Task:
What you return should be the lines of the data containing "longleftrightarrow", each in full.

Records to process:
lemma sem_conj: "sem lam \<sigma> i (conj \<psi>s) \<longleftrightarrow> (\<forall>\<psi>\<in>set \<psi>s. sem lam \<sigma> i \<psi>)"
  by (induction \<psi>s rule: conj.induct) auto

lemma sem_Glob: "sem lam \<sigma> i (Glob \<psi>) \<longleftrightarrow> (\<forall>j\<ge>i. sem lam \<sigma> j \<psi>)"
  by (auto simp: Glob_def)

lemma sem_Until_unfold:
  "sem lam \<sigma> i (Until \<psi> \<chi>) \<longleftrightarrow>
     sem lam \<sigma> i \<chi> \<or> sem lam \<sigma> i \<psi> \<and> sem lam \<sigma> (Suc i) (Until \<psi> \<chi>)"
proof
  assume "sem lam \<sigma> i (Until \<psi> \<chi>)"
  then obtain k where k: "k \<ge> i" "sem lam \<sigma> k \<chi>" "\<forall>j. i \<le> j \<and> j < k \<longrightarrow> sem lam \<sigma> j \<psi>"
    by auto
  show "sem lam \<sigma> i \<chi> \<or> sem lam \<sigma> i \<psi> \<and> sem lam \<sigma> (Suc i) (Until \<psi> \<chi>)"
  proof (cases "k = i")
    case False
    with k show ?thesis
      by (auto intro!: exI[of _ k])
  qed (use k in simp)
next
  assume "sem lam \<sigma> i \<chi> \<or> sem lam \<sigma> i \<psi> \<and> sem lam \<sigma> (Suc i) (Until \<psi> \<chi>)"
  then show "sem lam \<sigma> i (Until \<psi> \<chi>)"
    by (auto simp: Suc_le_eq) (metis le_eq_less_or_eq less_imp_le_nat)
qed

definition true_closure :: "fm \<Rightarrow> (stpt \<Rightarrow> trace set) \<Rightarrow> trace \<Rightarrow> nat \<Rightarrow> fm set" where
  "true_closure \<phi> lam \<sigma> i = {\<psi> \<in> closure \<phi>. sem lam \<sigma> i \<psi>}"

lemma max_consistent_true_closure: "max_consistent \<phi> (true_closure \<phi> lam \<sigma> i)"
  unfolding max_consistent_def
proof (intro conjI allI impI ballI)
  fix \<psi> \<chi>
  assume "And \<psi> \<chi> \<in> closure \<phi>"
  then have "\<psi> \<in> closure \<phi>" "\<chi> \<in> closure \<phi>"
    using closure_subformulas_subset subformulas_refl by fastforce+
  then show "And \<psi> \<chi> \<in> true_closure \<phi> lam \<sigma> i \<longleftrightarrow>
      \<psi> \<in> true_closure \<phi> lam \<sigma> i \<and> \<chi> \<in> true_closure \<phi> lam \<sigma> i"
    using \<open>And \<psi> \<chi> \<in> closure \<phi>\<close> by (simp add: true_closure_def)
next
  fix \<psi> \<chi>
  assume until: "Until \<psi> \<chi> \<in> closure \<phi>"
  then have "\<psi> \<in> closure \<phi>" "\<chi> \<in> closure \<phi>" "Next (Until \<psi> \<chi>) \<in> closure \<phi>"
    using closure_subformulas_subset subformulas_refl closure.untl by fastforce+
  then show "Until \<psi> \<chi> \<in> true_closure \<phi> lam \<sigma> i \<longleftrightarrow>
      \<chi> \<in> true_closure \<phi> lam \<sigma> i \<or>
      \<psi> \<in> true_closure \<phi> lam \<sigma> i \<and> Next (Until \<psi> \<chi>) \<in> true_closure \<phi> lam \<sigma> i"
    using until sem_Until_unfold[of lam \<sigma> i \<psi> \<chi>] by (simp add: true_closure_def)
next
  fix \<psi>
  assume "\<psi> \<in> closure \<phi>"
  then show "\<psi> \<in> true_closure \<phi> lam \<sigma> i \<longleftrightarrow> neg \<psi> \<notin> true_closure \<phi> lam \<sigma> i"
    using closure.negc by (simp add: true_closure_def)
qed (simp_all add: true_closure_def closure.top)

lemma psl_sem_collapse:
  assumes collapse: "\<forall>\<sigma>\<in>Pi. \<forall>\<sigma>'\<in>Pi. f \<sigma> = f \<sigma>' \<longrightarrow> \<sigma> i \<inter> V = \<sigma>' i \<inter> V"
    and lam: "\<And>s. lam s \<subseteq> Pi"
    and "temporal_free \<psi>" "vars \<psi> \<subseteq> V" "\<forall>(s, s')\<in>sharpenings \<psi>. lam s \<subseteq> lam s'"
    and "\<sigma> \<in> Pi"
  shows "psl_sem (\<lambda>s. f ` lam s) (\<lambda>p. f ` {\<tau> \<in> Pi. p \<in> \<tau> i}) (f \<sigma>) \<psi> = sem lam \<sigma> i \<psi>"
  using assms(3-)
proof (induction \<psi> arbitrary: \<sigma>)
  case (Var p)
  have "p \<in> \<sigma> i" if "\<sigma>' \<in> Pi" "f \<sigma> = f \<sigma>'" "p \<in> \<sigma>' i" for \<sigma>'
  proof -
    have "\<sigma> i \<inter> V = \<sigma>' i \<inter> V"
      using collapse \<open>\<sigma> \<in> Pi\<close> that(1,2) by blast
    then show ?thesis
      using that(3) Var.prems(2) by auto
  qed
  then show ?case
    using Var.prems(4) by auto
next
  case (Prec s s')
  then show ?case
    by (simp add: image_mono)
next
  case (Dia s \<psi>)
  have "psl_sem (\<lambda>s. f ` lam s) (\<lambda>p. f ` {\<tau> \<in> Pi. p \<in> \<tau> i}) (f \<sigma>') \<psi> = sem lam \<sigma>' i \<psi>"
    if "\<sigma>' \<in> lam s" for \<sigma>'
    using Dia.prems lam[of s] that by (intro Dia.IH) auto
  then show ?case
    by simp
next
  case (Box s \<psi>)
  have "psl_sem (\<lambda>s. f ` lam s) (\<lambda>p. f ` {\<tau> \<in> Pi. p \<in> \<tau> i}) (f \<sigma>') \<psi> = sem lam \<sigma>' i \<psi>"
    if "\<sigma>' \<in> lam s" for \<sigma>'
    using Box.prems lam[of s] that by (intro Box.IH) auto
  then show ?case
    by simp
qed auto

lemma psl_model_collapse:
  assumes "sltl_model Pi lam" "finite (f ` Pi)"
  shows "psl_model (f ` Pi) (\<lambda>s. f ` lam s) (\<lambda>p. f ` {\<tau> \<in> Pi. p \<in> \<tau> i})"
proof -
  have "Pi \<noteq> {}" "lam Star = Pi" "\<And>s. lam s \<noteq> {} \<and> lam s \<subseteq> Pi"
    using assms(1) by (auto simp: sltl_model_def)
  then show ?thesis
    using assms(2) unfolding psl_model_def by blast
qed

lemma standpoint_consistent_true_closure:
  assumes model: "sltl_model Pi lam" and "\<sigma> \<in> Pi"
    and sharp: "\<forall>(s, s')\<in>sharpenings \<phi>. lam s \<subseteq> lam s'"
  shows "standpoint_consistent (true_closure \<phi> lam \<sigma> i)"
proof -
  define letter where "letter \<tau> = \<tau> i \<inter> vars \<phi>" for \<tau> :: trace
  have "letter ` Pi \<subseteq> Pow (vars \<phi>)"
    by (auto simp: letter_def)
  then have "finite (letter ` Pi)"
    using finite_vars finite_subset by blast
  then obtain c :: "nat set \<Rightarrow> nat" where c: "inj_on c (letter ` Pi)"
    using finite_imp_inj_to_nat_seg by blast
  define f where "f = c \<circ> letter"
  have collapse: "\<forall>\<tau>\<in>Pi. \<forall>\<tau>'\<in>Pi. f \<tau> = f \<tau>' \<longrightarrow> \<tau> i \<inter> vars \<phi> = \<tau>' i \<inter> vars \<phi>"
  proof (intro ballI impI)
    fix \<tau> \<tau>'
    assume "\<tau> \<in> Pi" "\<tau>' \<in> Pi" "f \<tau> = f \<tau>'"
    then have "letter \<tau> = letter \<tau>'"
      by (intro inj_onD[OF c]) (simp_all add: f_def)
    then show "\<tau> i \<inter> vars \<phi> = \<tau>' i \<inter> vars \<phi>"
      by (simp add: letter_def)
  qed
  have "finite (f ` Pi)"
    unfolding f_def image_comp[symmetric] using \<open>finite (letter ` Pi)\<close> by (rule finite_imageI)
  have "psl_model (f ` Pi) (\<lambda>s. f ` lam s) (\<lambda>p. f ` {\<tau> \<in> Pi. p \<in> \<tau> i})"
    using psl_model_collapse[OF model \<open>finite (f ` Pi)\<close>] .
  moreover have "psl_sem (\<lambda>s. f ` lam s) (\<lambda>p. f ` {\<tau> \<in> Pi. p \<in> \<tau> i}) (f \<sigma>) \<psi>"
    if "\<psi> \<in> true_closure \<phi> lam \<sigma> i" "temporal_free \<psi>" for \<psi>
  proof -
    from that have "\<psi> \<in> closure \<phi>" "sem lam \<sigma> i \<psi>"
      by (auto simp: true_closure_def)
    moreover have "\<And>s. lam s \<subseteq> Pi"
      using model by (simp add: sltl_model_def)
    moreover have "\<forall>(s, s')\<in>sharpenings \<psi>. lam s \<subseteq> lam s'"
      using sharp closure_sharpenings_subset[OF \<open>\<psi> \<in> closure \<phi>\<close>] by blast
    ultimately show ?thesis
      using psl_sem_collapse[OF collapse] closure_vars_subset \<open>temporal_free \<psi>\<close> \<open>\<sigma> \<in> Pi\<close>
      by simp
  qed
  ultimately show ?thesis
    using \<open>\<sigma> \<in> Pi\<close> unfolding standpoint_consistent_def by blast
qed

Answer below:
lemma sem_conj: "sem lam \<sigma> i (conj \<psi>s) \<longleftrightarrow> (\<forall>\<psi>\<in>set \<psi>s. sem lam \<sigma> i \<psi>)"
lemma sem_Glob: "sem lam \<sigma> i (Glob \<psi>) \<longleftrightarrow> (\<forall>j\<ge>i. sem lam \<sigma> j \<psi>)"
  "sem lam \<sigma> i (Until \<psi> \<chi>) \<longleftrightarrow>
  then show "And \<psi> \<chi> \<in> true_closure \<phi> lam \<sigma> i \<longleftrightarrow>
  then show "Until \<psi> \<chi> \<in> true_closure \<phi> lam \<sigma> i \<longleftrightarrow>
  then show "\<psi> \<in> true_closure \<phi> lam \<sigma> i \<longleftrightarrow> neg \<psi> \<notin> true_closure \<phi> lam \<sigma> i"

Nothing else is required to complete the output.